lemma finite_tau_le_s: "finite {k. \<tau> k \<le> ereal s}"
proof (rule finite_subset)
  show "{k. \<tau> k \<le> ereal s} \<subseteq> {..<hit_bound}"
  proof
    fix k assume "k \<in> {k. \<tau> k \<le> ereal s}"
    then show "k \<in> {..<hit_bound}" using tau_eq_infinity_beyond[of k] by (cases "hit_bound \<le> k") auto
  qed
qed simp

lemma tau_k_s_le: "\<tau> k_s \<le> ereal s"
proof -
  have "k_s \<in> {k. \<tau> k \<le> ereal s}"
    unfolding k_s_def using finite_tau_le_s interval
    by (intro Max_in) (auto intro!: exI[of _ 0] simp: zero_ereal_def)
  then show ?thesis by simp
qed

lemma tau_gt_s: "k_s < k \<Longrightarrow> ereal s < \<tau> k"
proof (rule ccontr)
  assume "k_s < k" "\<not> ereal s < \<tau> k"
  then have "k \<le> k_s" unfolding k_s_def using finite_tau_le_s by (intro Max_ge) (auto simp: not_less)
  then show False using \<open>k_s < k\<close> by simp
qed

lemma tau_le_s: "k \<le> k_s \<Longrightarrow> \<tau> k \<le> ereal s"
  using order_trans[OF monoD[OF tau_mono[OF right_cont, of n]] tau_k_s_le] .

lemma t_le_tau_k_t: "ereal t \<le> \<tau> k_t"
  unfolding k_t_def by (rule LeastI[of _ hit_bound]) (simp add: tau_eq_infinity_beyond)

lemma tau_lt_t: "k < k_t \<Longrightarrow> \<tau> k < ereal t"
  unfolding k_t_def using not_less_Least[of k "\<lambda>k. ereal t \<le> \<tau> k"] by simp

lemma t_le_tau: "k_t \<le> k \<Longrightarrow> ereal t \<le> \<tau> k"
  using order_trans[OF t_le_tau_k_t monoD[OF tau_mono[OF right_cont, of n]]] .

lemma k_s_less_k_t: "k_s < k_t"
proof (rule ccontr)
  assume "\<not> k_s < k_t"
  then have "ereal t \<le> ereal s" using order_trans[OF t_le_tau[of k_s] tau_k_s_le] by simp
  then show False using interval(2) by simp
qed

lemma k_t_le_hit_bound: "k_t \<le> hit_bound"
  unfolding k_t_def by (rule Least_le) (simp add: tau_eq_infinity_beyond)

lemma sum_start_errors_eq:
  "(\<Sum>k<hit_bound. (X (real_of_ereal (\<tau> k)) - X (clip k)) \<otimes>\<^sub>t (X (clip (Suc k)) - X (clip k)))
   = (X (real_of_ereal (\<tau> k_s)) - X s) \<otimes>\<^sub>t (X (clip (Suc k_s)) - X s)"
proof -
  have zero: "(X (real_of_ereal (\<tau> k)) - X (clip k)) \<otimes>\<^sub>t (X (clip (Suc k)) - X (clip k)) = 0"
    if "k \<noteq> k_s" for k
  proof (cases "k < k_s")
    case True
    then show ?thesis using clip_eq_start[OF tau_le_s] by (simp add: tensor.zero_right)
  next
    case False
    with that have "k_s < k" by simp
    then have "\<not> \<tau> k \<le> ereal s" using tau_gt_s not_le by blast
    show ?thesis
    proof (cases "\<tau> k < ereal t")
      case True
      then show ?thesis using \<open>\<not> \<tau> k \<le> ereal s\<close> by (simp add: clip_def tensor.zero_left)
    next
      case False
      then have "ereal t \<le> \<tau> k" "ereal t \<le> \<tau> (Suc k)"
        using monoD[OF tau_mono[OF right_cont, of n], of k "Suc k"] by auto
      then show ?thesis using clip_eq_end by (simp add: tensor.zero_right)
    qed
  qed
  have "k_s \<in> {..<hit_bound}" using k_s_less_k_t k_t_le_hit_bound by simp
  then have "(\<Sum>k<hit_bound. (X (real_of_ereal (\<tau> k)) - X (clip k)) \<otimes>\<^sub>t (X (clip (Suc k)) - X (clip k)))
    = (X (real_of_ereal (\<tau> k_s)) - X (clip k_s)) \<otimes>\<^sub>t (X (clip (Suc k_s)) - X (clip k_s))"
    by (subst sum.remove[OF finite_lessThan]) (auto simp: zero intro: sum.neutral)
  then show ?thesis using clip_eq_start[OF tau_k_s_le] by simp
qed

lemma sum_clipped_eq_iterated_sum:
  "(\<Sum>k<hit_bound. (X (clip k) - X s) \<otimes>\<^sub>t (X (clip (Suc k)) - X (clip k)))
   = iterated_sum (\<lambda>i. X (clip (k_s + i))) (k_t - k_s)"
proof -
  have "(\<Sum>k<hit_bound. (X (clip k) - X s) \<otimes>\<^sub>t (X (clip (Suc k)) - X (clip k)))
    = (\<Sum>k\<in>{k_s..<k_t}. (X (clip k) - X s) \<otimes>\<^sub>t (X (clip (Suc k)) - X (clip k)))"
  proof (rule sum.mono_neutral_right)
    show "\<forall>k\<in>{..<hit_bound} - {k_s..<k_t}. (X (clip k) - X s) \<otimes>\<^sub>t (X (clip (Suc k)) - X (clip k)) = 0"
    proof
      fix k assume "k \<in> {..<hit_bound} - {k_s..<k_t}"
      then consider "k < k_s" | "k_t \<le> k" by force
      then show "(X (clip k) - X s) \<otimes>\<^sub>t (X (clip (Suc k)) - X (clip k)) = 0"
      proof cases
        case 1
        then show ?thesis using clip_eq_start[OF tau_le_s] by (simp add: tensor.zero_left)
      next
        case 2
        then show ?thesis using clip_eq_end[OF t_le_tau] by (simp add: tensor.zero_right)
      qed
    qed
  qed (use k_t_le_hit_bound in auto)
  also have "\<dots> = (\<Sum>i<k_t - k_s. (X (clip (k_s + i)) - X s) \<otimes>\<^sub>t (X (clip (Suc (k_s + i))) - X (clip (k_s + i))))"
    using sum.shift_bounds_nat_ivl[of _ 0 k_s "k_t - k_s"] k_s_less_k_t
    by (simp add: atLeast0LessThan add.commute)
  finally show ?thesis
    unfolding iterated_sum_def using clip_eq_start[OF tau_k_s_le] by simp
qed

lemma norm_start_error_le:
  "norm ((X (real_of_ereal (\<tau> k_s)) - X s) \<otimes>\<^sub>t (X (clip (Suc k_s)) - X s))
   \<le> 2 powr (- real n) * c s t powr (1/q)"
proof -
  obtain a where a: "\<tau> k_s = ereal a" "0 \<le> a" "a \<le> s"
    using tau_cases[OF T_nonneg, of X n k_s] tau_k_s_le by auto
  have "norm (X s - X a) < 2 powr (- real n)"
    using norm_diff_lt_before_tau_Suc[OF a(1)] a interval tau_gt_s[of "Suc k_s"] by auto
  moreover have "norm (X (clip (Suc k_s)) - X s) \<le> c s (clip (Suc k_s)) powr (1/q)"
    using clip_range[of "Suc k_s"] interval q by (intro norm_diff_le_controls[OF ct]) auto
  moreover have "c s (clip (Suc k_s)) powr (1/q) \<le> c s t powr (1/q)"
    using clip_range[of "Suc k_s"] interval q
    by (intro powr_mono2 controls_mono[OF ct] controls_nonneg[OF ct]) auto
  ultimately show ?thesis
    unfolding norm_tensor a(1) by (simp add: norm_minus_commute mult_mono)
qed

lemma norm_iterated_sum_clipped_le:
  "norm (iterated_sum (\<lambda>i. X (clip (k_s + i))) (k_t - k_s))
   \<le> 2 powr (2/q) / (1 - 2/q) * c s t powr (2/q) * (real (k_t - k_s) - 1) powr (1 - 2/q)"
proof -
  have "clip (k_s + 0) = s" "clip (k_s + (k_t - k_s)) = t"
    using clip_eq_start[OF tau_k_s_le] clip_eq_end[OF t_le_tau_k_t] k_s_less_k_t by simp_all
  moreover have "mono_on {..k_t - k_s} (\<lambda>i. clip (k_s + i))"
    by (intro mono_onI monoD[OF clip_mono]) simp
  ultimately show ?thesis
    using norm_iterated_sum_le[OF ct q, of "k_t - k_s" "\<lambda>i. clip (k_s + i)"] k_s_less_k_t interval
    by simp
qed

lemma k_t_minus_k_s_le: "real (k_t - k_s) - 1 \<le> 1 + c s t * 2 powr (real n * q)"
proof (cases "Suc k_s < k_t")
  case False
  then have "real (k_t - k_s) \<le> 1" by simp
  moreover have "0 \<le> c s t * 2 powr (real n * q)"
    using interval controls_nonneg[OF ct, of s t] by simp
  ultimately show ?thesis by linarith
next
  case True
  obtain a where a: "\<tau> (Suc k_s) = ereal a"
    using tau_cases[OF T_nonneg, of X n "Suc k_s"] tau_lt_t[OF True] by auto
  obtain b where b: "\<tau> (k_t - 1) = ereal b"
    using tau_cases[OF T_nonneg, of X n "k_t - 1"] tau_lt_t[of "k_t - 1"] True by fastforce
  have "s < a" using tau_gt_s[of "Suc k_s"] a by simp
  moreover have "b < t" using tau_lt_t[of "k_t - 1"] b True by simp
  moreover have "a \<le> b" using monoD[OF tau_mono[OF right_cont, of n], of "Suc k_s" "k_t - 1"] a b True by simp
  ultimately have "c a b \<le> c s t"
    using interval by (intro controls_mono[OF ct]) auto
  moreover have "real (k_t - 1 - Suc k_s) * (2 powr (- real n)) powr q \<le> c a b"
    using controls_ge_excursions[OF right_cont ct _ T_nonneg a _ b] q True by simp
  ultimately have "real (k_t - 1 - Suc k_s) * (2 powr (- real n)) powr q \<le> c s t"
    by linarith
  moreover have "(2 powr (- real n)) powr q = 1 / 2 powr (real n * q)"
    unfolding powr_powr mult_minus_left by (rule powr_minus_divide)
  ultimately have "real (k_t - 1 - Suc k_s) \<le> c s t * 2 powr (real n * q)"
    by (simp add: pos_divide_le_eq)
  moreover have "real (k_t - 1 - Suc k_s) = real (k_t - k_s) - 2" using True by simp
  ultimately show ?thesis by simp
qed
text \<open>First-order optimality of a minimiser \<open>u\<^sub>0\<close> of \<open>\<Sum>\<^sub>k (f\<^sub>k\<^sup>+)\<^sup>2\<close>
  along the segments \<open>mix t u u\<^sub>0\<close>: otherwise a small step towards \<open>u\<close> would decrease it.\<close>

lemma sum_pos_part_minimiser_variation:
  fixes f :: "'k \<Rightarrow> 'u \<Rightarrow> real" and mix :: "real \<Rightarrow> 'u \<Rightarrow> 'u \<Rightarrow> 'u"
  assumes mix_in: "\<And>t u v. 0 \<le> t \<Longrightarrow> t \<le> 1 \<Longrightarrow> u \<in> U \<Longrightarrow> v \<in> U \<Longrightarrow> mix t u v \<in> U"
    and affine: "\<And>k t u v. k \<in> K \<Longrightarrow> 0 \<le> t \<Longrightarrow> t \<le> 1 \<Longrightarrow> u \<in> U \<Longrightarrow> v \<in> U \<Longrightarrow>
        f k (mix t u v) = t * f k u + (1 - t) * f k v"
    and u0: "u0 \<in> U"
    and minimal: "\<And>v. v \<in> U \<Longrightarrow> (\<Sum>k\<in>K. (max 0 (f k u0))\<^sup>2) \<le> (\<Sum>k\<in>K. (max 0 (f k v))\<^sup>2)"
    and u: "u \<in> U"
  shows "0 \<le> (\<Sum>k\<in>K. max 0 (f k u0) * (f k u - f k u0))"
proof (rule ccontr)
  define a where "a k = max 0 (f k u0)" for k
  define S where "S = (\<Sum>k\<in>K. a k * (f k u - f k u0))"
  define Q where "Q = (\<Sum>k\<in>K. (f k u - f k u0)\<^sup>2)"
  assume "\<not> ?thesis"
  then have S_neg: "S < 0" by (simp add: S_def a_def)
  have Q_nonneg: "Q \<ge> 0" unfolding Q_def by (intro sum_nonneg) auto
  define t where "t = min 1 (- S / (Q + 1))"
  have t: "0 < t" "t \<le> 1" using S_neg Q_nonneg by (auto simp: t_def divide_neg_pos)
  have "t * Q \<le> (- S / (Q + 1)) * Q"
    using Q_nonneg by (intro mult_right_mono) (auto simp: t_def)
  also have "\<dots> \<le> - S"
    using Q_nonneg S_neg by (simp add: field_simps)
  finally have tQ: "t * Q \<le> - S" .
  define v where "v = mix t u u0"
  have f_v: "f k v = f k u0 + t * (f k u - f k u0)" if "k \<in> K" for k
    unfolding v_def using affine[OF that _ t(2) u u0] t(1) by (simp add: algebra_simps)
  have "(\<Sum>k\<in>K. (max 0 (f k v))\<^sup>2)
      \<le> (\<Sum>k\<in>K. (a k)\<^sup>2 + 2 * a k * (t * (f k u - f k u0)) + (t * (f k u - f k u0))\<^sup>2)"
    unfolding a_def by (intro sum_mono) (simp add: f_v power2_max_0_add_le)
  also have "\<dots> = (\<Sum>k\<in>K. (a k)\<^sup>2) + t * (2 * S + t * Q)"
  proof -
    have e1: "(\<Sum>k\<in>K. 2 * a k * (t * (f k u - f k u0))) = 2 * t * S"
      unfolding S_def sum_distrib_left by (rule sum.cong) (auto simp: algebra_simps)
    have e2: "(\<Sum>k\<in>K. (t * (f k u - f k u0))\<^sup>2) = t\<^sup>2 * Q"
      unfolding Q_def sum_distrib_left by (rule sum.cong) (auto simp: power_mult_distrib)
    show ?thesis unfolding sum.distrib e1 e2 by (simp add: power2_eq_square algebra_simps)
  qed
  also have "\<dots> < (\<Sum>k\<in>K. (a k)\<^sup>2)"
    using tQ S_neg t(1) by (simp add: mult_pos_neg)
  finally show False
    using minimal[of v] mix_in[OF _ t(2) u u0] t(1) by (simp add: v_def a_def)
qed

text \<open>A Gordan-type alternative. The weights are the normalised positive parts of the
  \<open>f\<^sub>k\<close> at a minimiser of \<open>\<Sum>\<^sub>k (f\<^sub>k\<^sup>+)\<^sup>2\<close>.\<close>

lemma convex_combination_positive_everywhere:
  fixes U :: "'u::topological_space set" and f :: "'k \<Rightarrow> 'u \<Rightarrow> real"
    and mix :: "real \<Rightarrow> 'u \<Rightarrow> 'u \<Rightarrow> 'u"
  assumes "compact U" "U \<noteq> {}" "finite K"
    and cont: "\<And>k. k \<in> K \<Longrightarrow> continuous_on U (f k)"
    and mix_in: "\<And>t u v. 0 \<le> t \<Longrightarrow> t \<le> 1 \<Longrightarrow> u \<in> U \<Longrightarrow> v \<in> U \<Longrightarrow> mix t u v \<in> U"
    and affine: "\<And>k t u v. k \<in> K \<Longrightarrow> 0 \<le> t \<Longrightarrow> t \<le> 1 \<Longrightarrow> u \<in> U \<Longrightarrow> v \<in> U \<Longrightarrow>
        f k (mix t u v) = t * f k u + (1 - t) * f k v"
    and some_pos: "\<And>u. u \<in> U \<Longrightarrow> \<exists>k\<in>K. f k u > 0"
  shows "\<exists>lam. (\<forall>k\<in>K. 0 \<le> lam k) \<and> (\<Sum>k\<in>K. lam k) = 1 \<and> (\<forall>u\<in>U. (\<Sum>k\<in>K. lam k * f k u) > 0)"
proof -
  have "continuous_on U (\<lambda>u. \<Sum>k\<in>K. (max 0 (f k u))\<^sup>2)"
    by (intro continuous_intros cont)
  then obtain u0 where u0: "u0 \<in> U"
    and minimal: "\<And>v. v \<in> U \<Longrightarrow> (\<Sum>k\<in>K. (max 0 (f k u0))\<^sup>2) \<le> (\<Sum>k\<in>K. (max 0 (f k v))\<^sup>2)"
    using continuous_attains_inf[OF assms(1,2)] by blast
  define a where "a k = max 0 (f k u0)" for k
  obtain k0 where k0: "k0 \<in> K" "f k0 u0 > 0" using some_pos[OF u0] by blast
  have a_pos: "a k0 > 0" using k0 by (simp add: a_def)
  have "(a k0)\<^sup>2 \<le> (\<Sum>k\<in>K. (a k)\<^sup>2)"
    using k0 assms(3) by (intro member_le_sum) auto
  moreover have "(\<Sum>k\<in>K. a k * f k u0) = (\<Sum>k\<in>K. (a k)\<^sup>2)"
    by (intro sum.cong) (auto simp: a_def max_def power2_eq_square)
  ultimately have at_u0: "(\<Sum>k\<in>K. a k * f k u0) > 0"
    using a_pos by (smt (verit) zero_less_power)
  define s where "s = (\<Sum>k\<in>K. a k)"
  have s_pos: "s > 0"
    using a_pos member_le_sum[OF k0(1), of a] assms(3) by (simp add: s_def a_def)
  show ?thesis
  proof (intro exI[of _ "\<lambda>k. a k / s"] conjI ballI)
    show "0 \<le> a k / s" for k using s_pos by (simp add: a_def)
    show "(\<Sum>k\<in>K. a k / s) = 1" using s_pos by (simp add: s_def sum_divide_distrib[symmetric])
    fix u assume u: "u \<in> U"
    have "(\<Sum>k\<in>K. a k * f k u) = (\<Sum>k\<in>K. a k * f k u0) + (\<Sum>k\<in>K. a k * (f k u - f k u0))"
      by (simp add: sum.distrib[symmetric] algebra_simps)
    moreover have "0 \<le> (\<Sum>k\<in>K. a k * (f k u - f k u0))"
      unfolding a_def by (rule sum_pos_part_minimiser_variation[OF mix_in affine u0 minimal u])
    ultimately have "(\<Sum>k\<in>K. a k * f k u) / s > 0" using at_u0 s_pos by simp
    then show "(\<Sum>k\<in>K. a k / s * f k u) > 0" by (simp add: sum_divide_distrib)
  qed
qed

section \<open>Divergence, total variation and the Lagrangian\<close>

lemma sum_mult_divw:
  fixes w :: "'v::finite \<Rightarrow> 'v \<Rightarrow> real"
  assumes w_sym: "\<And>x y. w x y = w y x"
  shows "(\<Sum>x\<in>UNIV. v x * divw w \<phi> x) = (1/2) * (\<Sum>x\<in>UNIV. \<Sum>y\<in>UNIV. w x y * \<phi> x y * (v x - v y))"
proof -
  have "(\<Sum>x\<in>UNIV. v x * divw w \<phi> x) = (1/2) * ((\<Sum>x\<in>UNIV. \<Sum>y\<in>UNIV. w x y * \<phi> x y * v x)
      - (\<Sum>x\<in>UNIV. \<Sum>y\<in>UNIV. w x y * \<phi> y x * v x))"
    unfolding divw_def by (simp add: sum_distrib_left sum_subtractf[symmetric] algebra_simps)
  also have "(\<Sum>x\<in>UNIV. \<Sum>y\<in>UNIV. w x y * \<phi> y x * v x) = (\<Sum>x\<in>UNIV. \<Sum>y\<in>UNIV. w x y * \<phi> x y * v y)"
    by (subst sum.swap) (simp add: w_sym)
  finally show ?thesis
    by (simp add: sum_subtractf[symmetric] algebra_simps)
qed

lemma sum_mult_divw_le_TVw:
  fixes w :: "'v::finite \<Rightarrow> 'v \<Rightarrow> real"
  assumes "\<And>x y. w x y = w y x" and w_nonneg: "\<And>x y. w x y \<ge> 0"
    and \<phi>_bound: "\<And>x y. \<bar>\<phi> x y\<bar> \<le> 1"
  shows "(\<Sum>x\<in>UNIV. v x * divw w \<phi> x) \<le> TVw w v"
proof -
  have "w x y * \<phi> x y * (v x - v y) \<le> w x y * \<bar>v y - v x\<bar>" for x y
  proof -
    have "\<phi> x y * (v x - v y) \<le> \<bar>\<phi> x y\<bar> * \<bar>v y - v x\<bar>"
      by (metis abs_ge_self abs_minus_commute abs_mult)
    also have "\<dots> \<le> \<bar>v y - v x\<bar>" using \<phi>_bound[of x y] by (simp add: mult_left_le_one_le)
    finally show ?thesis using w_nonneg[of x y] by (simp add: mult.assoc mult_left_mono)
  qed
  then show ?thesis unfolding sum_mult_divw[OF assms(1)] TVw_def
    by (intro mult_left_mono sum_mono) auto
qed

definition sign_flow :: "('v \<Rightarrow> real) \<Rightarrow> 'v \<Rightarrow> 'v \<Rightarrow> real" where
  "sign_flow v x y = (if v y \<le> v x then 1 else -1)"

definition sign_flows :: "('v \<Rightarrow> 'v \<Rightarrow> real) set" where
  "sign_flows = {\<phi>. \<forall>x y. \<phi> x y \<in> {-1, 1}}"

lemma finite_sign_flows: "finite (sign_flows :: ('v::finite \<Rightarrow> 'v \<Rightarrow> real) set)"
proof (rule finite_subset)
  show "sign_flows \<subseteq> Pi\<^sub>E UNIV (\<lambda>x::'v. Pi\<^sub>E UNIV (\<lambda>y::'v. {-1, 1::real}))"
    by (auto simp: sign_flows_def)
qed (simp add: finite_PiE)

lemma sum_mult_divw_sign_flow:
  fixes w :: "'v::finite \<Rightarrow> 'v \<Rightarrow> real"
  assumes "\<And>x y. w x y = w y x"
  shows "(\<Sum>x\<in>UNIV. v x * divw w (sign_flow v) x) = TVw w v"
  unfolding sum_mult_divw[OF assms] TVw_def
  by (intro arg_cong[where f="\<lambda>t. (1/2) * t"] sum.cong refl) (auto simp: sign_flow_def)

lemma divw_convex_comb:
  "divw w (\<lambda>x y. \<Sum>k\<in>K. lam k * Q k x y) x = (\<Sum>k\<in>K. lam k * divw w (Q k) x)"
proof -
  have "divw w (\<lambda>x y. \<Sum>k\<in>K. lam k * Q k x y) x
      = (1/2) * (\<Sum>y\<in>UNIV. \<Sum>k\<in>K. lam k * (w x y * (Q k x y - Q k y x)))"
    unfolding divw_def by (simp add: sum_distrib_left sum_subtractf[symmetric] algebra_simps)
  also have "\<dots> = (\<Sum>k\<in>K. lam k * divw w (Q k) x)"
    unfolding divw_def by (subst sum.swap) (simp add: sum_distrib_left algebra_simps)
  finally show ?thesis .
qed

lemma continuous_on_TVw [continuous_intros]:
  "continuous_on S (\<lambda>u::'i \<Rightarrow> 'v::finite \<Rightarrow> real. TVw w (u i))"
  unfolding TVw_def by (intro continuous_intros)

lemma continuous_on_usize [continuous_intros]:
  "continuous_on S (\<lambda>u::'i \<Rightarrow> 'v::finite \<Rightarrow> real. usize (u i))"
  unfolding usize_def by (intro continuous_intros)

lemma Pgam_0 [simp]: "Pgam 0 sl su t = 0"
  by (simp add: Pgam_def)

lemma Pgam_eq_pos_parts:
  "sl \<le> su \<Longrightarrow> Pgam g sl su t = g * max 0 (t - real su) + g * max 0 (real sl - t)"
  by (auto simp: Pgam_def max_def)

lemma multiplier_terms_le_Pgam:
  assumes "0 \<le> r1" "r1 \<le> g" "0 \<le> r2" "r2 \<le> g" "sl \<le> su"
  shows "r2 * (s - real su) + r1 * (real sl - s) \<le> Pgam g sl su s"
proof -
  have "r2 * (s - real su) \<le> g * max 0 (s - real su)"
    using assms by (intro order_trans[OF mult_left_mono mult_right_mono]) auto
  moreover have "r1 * (real sl - s) \<le> g * max 0 (real sl - s)"
    using assms by (intro order_trans[OF mult_left_mono mult_right_mono]) auto
  ultimately show ?thesis using assms(5) by (simp add: Pgam_eq_pos_parts)
qed

lemma vertex_multiplier_terms_eq_Pgam:
  assumes "sl \<le> su"
  shows "(if s > real su then g else 0) * (s - real su) + (if s < real sl then g else 0) * (real sl - s)
     = Pgam g sl su s"
  using assms by (auto simp: Pgam_def)

lemma multiplier_terms_le_pos_parts:
  fixes r1 r2 sl su :: real
  assumes "0 \<le> r1" "0 \<le> r2" "sl \<le> su"
  shows "r1 * sl - r2 * su \<le> max 0 (r1 - r2) * sl - max 0 (r2 - r1) * su"
proof (cases "r1 \<le> r2")
  case True
  have "r1 * sl \<le> r1 * su" using assms by (intro mult_left_mono) auto
  then show ?thesis using True by (simp add: max_def algebra_simps)
next
  case False
  have "r2 * sl \<le> r2 * su" using assms by (intro mult_left_mono) auto
  then show ?thesis using False by (simp add: max_def algebra_simps)
qed

lemma pos_parts_terms_antimono:
  fixes t t' sl su :: real
  assumes "t' \<le> t" "0 \<le> sl" "0 \<le> su"
  shows "max 0 (- t) * sl - max 0 t * su \<le> max 0 (- t') * sl - max 0 t' * su"
proof -
  have "max 0 (- t) * sl \<le> max 0 (- t') * sl" using assms by (intro mult_right_mono) auto
  moreover have "max 0 t' * su \<le> max 0 t * su" using assms by (intro mult_right_mono) auto
  ultimately show ?thesis by linarith
qed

§ §

▸ **Exercise prompt**:
Only one number is wanted: how many lines of the data above include the word "definition".

▸ **Result of this exercise**:
2